The couple are both recovering from substance abuse disorders, and every day is a struggle to stay safe, warm and fed.

“I can't pay $800, $900 for a bedroom, for a two bedroom apartment," said Smith. "I can't do it. I have two kids that I take care of. My son just joined the Air Force, so I don't have to worry about him right now. But my daughter lives in New Hampshire. You know, I haven't seen her in three years because everything has been such a struggle. And what am I supposed to do? I can't put my daughter in a tent. I can't have her come down and visit me and stuff like that. So it would be nice if like, Pittsfield stepped up for people like us, and got rooming houses and put stuff like that to where we can afford it, you know? I could do $100 a week, $400 a month, something like that.”

Smith says they haven’t been contacted by the city’s service providers about their situation.

“It’s a shame," he said. "It really is a shame that it's come to this, because nobody should be living in a tent in the middle of the wintertime. It shouldn't be happening, you know, and like I said, at least I have a place to cover, to lay down. I have something over my head right now. Like I said, it's not the most ideal situation. But at least my fiancé has somewhere to go. You know, she doesn't have to walk around the street struggling, trying to figure out where she's going to go, or the two of us being separated, and her being in one spot and me being in one spot.”

For its part, Pittsfield says it’s been working with to provide unhoused people with services, find them apartments and steer them toward city shelters – including the emergency facility at the St. Joseph High School building downtown.

With forecasts of the season’s first major storm projected to dump over a foot of snow on the Berkshires, Smith – who works in construction, sometimes for upwards of 12 hours a day – says he feels despondent.

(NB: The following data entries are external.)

lemma vanishes_in_prob_cmult:
  assumes X: "vanishes_in_prob M X" and c: "c \<ge> 0"
  shows "vanishes_in_prob M (\<lambda>L \<omega>. c * X L \<omega>)"
proof (cases "c = 0")
  case True
  then show ?thesis
    using vanishes_in_prob_zero by simp
next
  case False
  with c have "c > 0"
    by simp
  then have "{\<omega> \<in> space M. c * X L \<omega> > \<eta>} = {\<omega> \<in> space M. X L \<omega> > \<eta> / c}" for L \<eta>
    by (auto simp: field_simps)
  moreover have "(\<lambda>\<omega>. c * X L \<omega>) \<in> borel_measurable M" for L
    using vanishes_in_prob_measurable[OF X] by (rule borel_measurable_times[OF borel_measurable_const])
  ultimately show ?thesis
    using X \<open>c > 0\<close> unfolding vanishes_in_prob_def by simp
qed

lemma vanishes_in_prob_power2:
  assumes X: "vanishes_in_prob M X" and nonneg: "\<And>L \<omega>. \<omega> \<in> space M \<Longrightarrow> X L \<omega> \<ge> 0"
  shows "vanishes_in_prob M (\<lambda>L \<omega>. (X L \<omega>)\<^sup>2)"
  unfolding vanishes_in_prob_def
proof (intro conjI allI impI)
  fix L
  have [measurable]: "X L \<in> borel_measurable M"
    using X by (rule vanishes_in_prob_measurable)
  show "(\<lambda>\<omega>. (X L \<omega>)\<^sup>2) \<in> borel_measurable M"
    by measurable
next
  fix \<eta> :: real assume "\<eta> > 0"
  have sub: "{\<omega> \<in> space M. (X L \<omega>)\<^sup>2 > \<eta>} \<subseteq> {\<omega> \<in> space M. X L \<omega> > sqrt \<eta>}" for L
    using real_sqrt_less_mono nonneg by fastforce
  from \<open>\<eta> > 0\<close> have "sqrt \<eta> > 0"
    by simp
  show "(\<lambda>L. prob {\<omega> \<in> space M. (X L \<omega>)\<^sup>2 > \<eta>}) \<longlonglongrightarrow> 0"
    by (rule prob_tendsto_zero_subset[OF vanishes_in_prob_tail[OF X \<open>sqrt \<eta> > 0\<close>]
        vanishes_in_prob_tail_events[OF X] always_eventually]) (use sub in blast)
qed
(* The symmetry locus $\mathcal S\subset\mathcal M_2\cong\mathbf C^2$ is an algebraic curve of degree three and genus zero in the coordinates $(\sigma_1,\sigma_2)$. It is given parametrically by $$\sigma_1=4k-2+k^{-1},\qquad \sigma_2=4k^2-4k+5-2k^{-1},\qquad k\in\mathbf C\setminus\{0\}.$$ This curve is non-singular except for a cusp at the point $\langle z\mapsto1/z^2\rangle$, which corresponds to $k=-1/2$, $(\sigma_1,\sigma_2)=(-6,12)$.
   Context: $\mathrm{Rat}_2$ is the space of holomorphic degree-$2$ maps of the Riemann sphere; each $f$ has three fixed points counted with multiplicity, with multipliers $\mu_1,\mu_2,\mu_3$ and elementary symmetric functions $\sigma_1,\sigma_2,\sigma_3$. $\mathcal M_2$, the set of Möbius conjugacy classes $\langle f\rangle$, is identified with $\mathbf C^2$ via $(\sigma_1,\sigma_2)$. An automorphism of $f$ is a Möbius transformation $g\neq\mathrm{id}$ with $g\circ f\circ g^{-1}=f$. The symmetry locus $\mathcal S$ is the set of $\langle f\rangle\in\mathcal M_2$ such that $f$ has a non-trivial automorphism; equivalently the set of classes of maps $z\mapsto k(z+z^{-1})$, $k\neq0$. *)

theory Defs
  imports "HOL-Analysis.Analysis" "HOL-Computational_Algebra.Computational_Algebra"
begin

text \<open>The Riemann sphere is modelled as complex option, None being the point at infinity.\<close>

type_synonym sphere = "complex option"

definition Rat :: "nat \<Rightarrow> (complex poly \<times> complex poly) set" where
  "Rat d = {(P, Q). coprime P Q \<and> max (degree P) (degree Q) = d}"

fun rat_eval :: "complex poly \<times> complex poly \<Rightarrow> sphere \<Rightarrow> sphere" where
  "rat_eval (P, Q) (Some z) =
     (if poly Q z = 0 then None else Some (poly P z / poly Q z))"
| "rat_eval (P, Q) None =
     (if degree Q < degree P then None else Some (coeff P (degree Q) / lead_coeff Q))"

definition moebius :: "(sphere \<Rightarrow> sphere) set" where
  "moebius = rat_eval ` Rat 1"

definition is_automorphism :: "(sphere \<Rightarrow> sphere) \<Rightarrow> (sphere \<Rightarrow> sphere) \<Rightarrow> bool" where
  "is_automorphism g f \<longleftrightarrow> g \<in> moebius \<and> g \<noteq> id \<and> g \<circ> f \<circ> inv g = f"

text \<open>Finite fixed points of P/Q are the roots of P - z Q, with multiplicity the root order;
  the multiplicity of the fixed point at infinity is (d+1) - degree (P - z Q), i.e. the
  multiplicity of [1:0] as a root of the homogeneous fixed point form of degree d+1.\<close>

definition fixpoly :: "complex poly \<times> complex poly \<Rightarrow> complex poly" where
  "fixpoly f = fst f - [:0, 1:] * snd f"

definition mult_fin :: "complex poly \<times> complex poly \<Rightarrow> complex \<Rightarrow> complex" where
  "mult_fin f z = deriv (\<lambda>w. poly (fst f) w / poly (snd f) w) z"

text \<open>Multiplier at infinity: derivative at 0 of w |-> 1 / f(1/w) (the map in the chart at infinity).\<close>
definition mult_inf :: "complex poly \<times> complex poly \<Rightarrow> complex" where
  "mult_inf f = deriv (\<lambda>w. if w = 0 then 0 else poly (snd f) (1 / w) / poly (fst f) (1 / w)) 0"

definition fp_multipliers :: "complex poly \<times> complex poly \<Rightarrow> complex multiset" where
  "fp_multipliers f =
     (\<Sum>z\<in>{z. poly (fixpoly f) z = 0}. replicate_mset (order z (fixpoly f)) (mult_fin f z))
     + replicate_mset (max (degree (fst f)) (degree (snd f)) + 1 - degree (fixpoly f)) (mult_inf f)"

text \<open>k-th elementary symmetric function of a multiset (via prod (X + m) = sum e_k X^(n-k)).\<close>
definition esym :: "nat \<Rightarrow> complex multiset \<Rightarrow> complex" where
  "esym k M = coeff (\<Prod>m\<in>#M. [:m, 1:]) (size M - k)"

definition sigma1 :: "complex poly \<times> complex poly \<Rightarrow> complex" where
  "sigma1 f = esym 1 (fp_multipliers f)"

“I work, you know, 40, 50 hours a week, which doesn't do anything for my fiancé or for me to even afford a place to live right now, you know," he told WAMC. "And I just I don't know what else to do right now. It's, it's hard. It's, it's hard. And then wintertime is coming, you know. It's here. So it- We're living in a tent with no heat. So it's, this is crazy. I don't, I don't know what else to do right now. I really don't. I'm doing the best I can right now for everything that I have. You know, hopefully things are going start picking up with work, and stuff like that. But it doesn't seem like things are starting to get easier. It kind of seems like it's getting harder and harder.”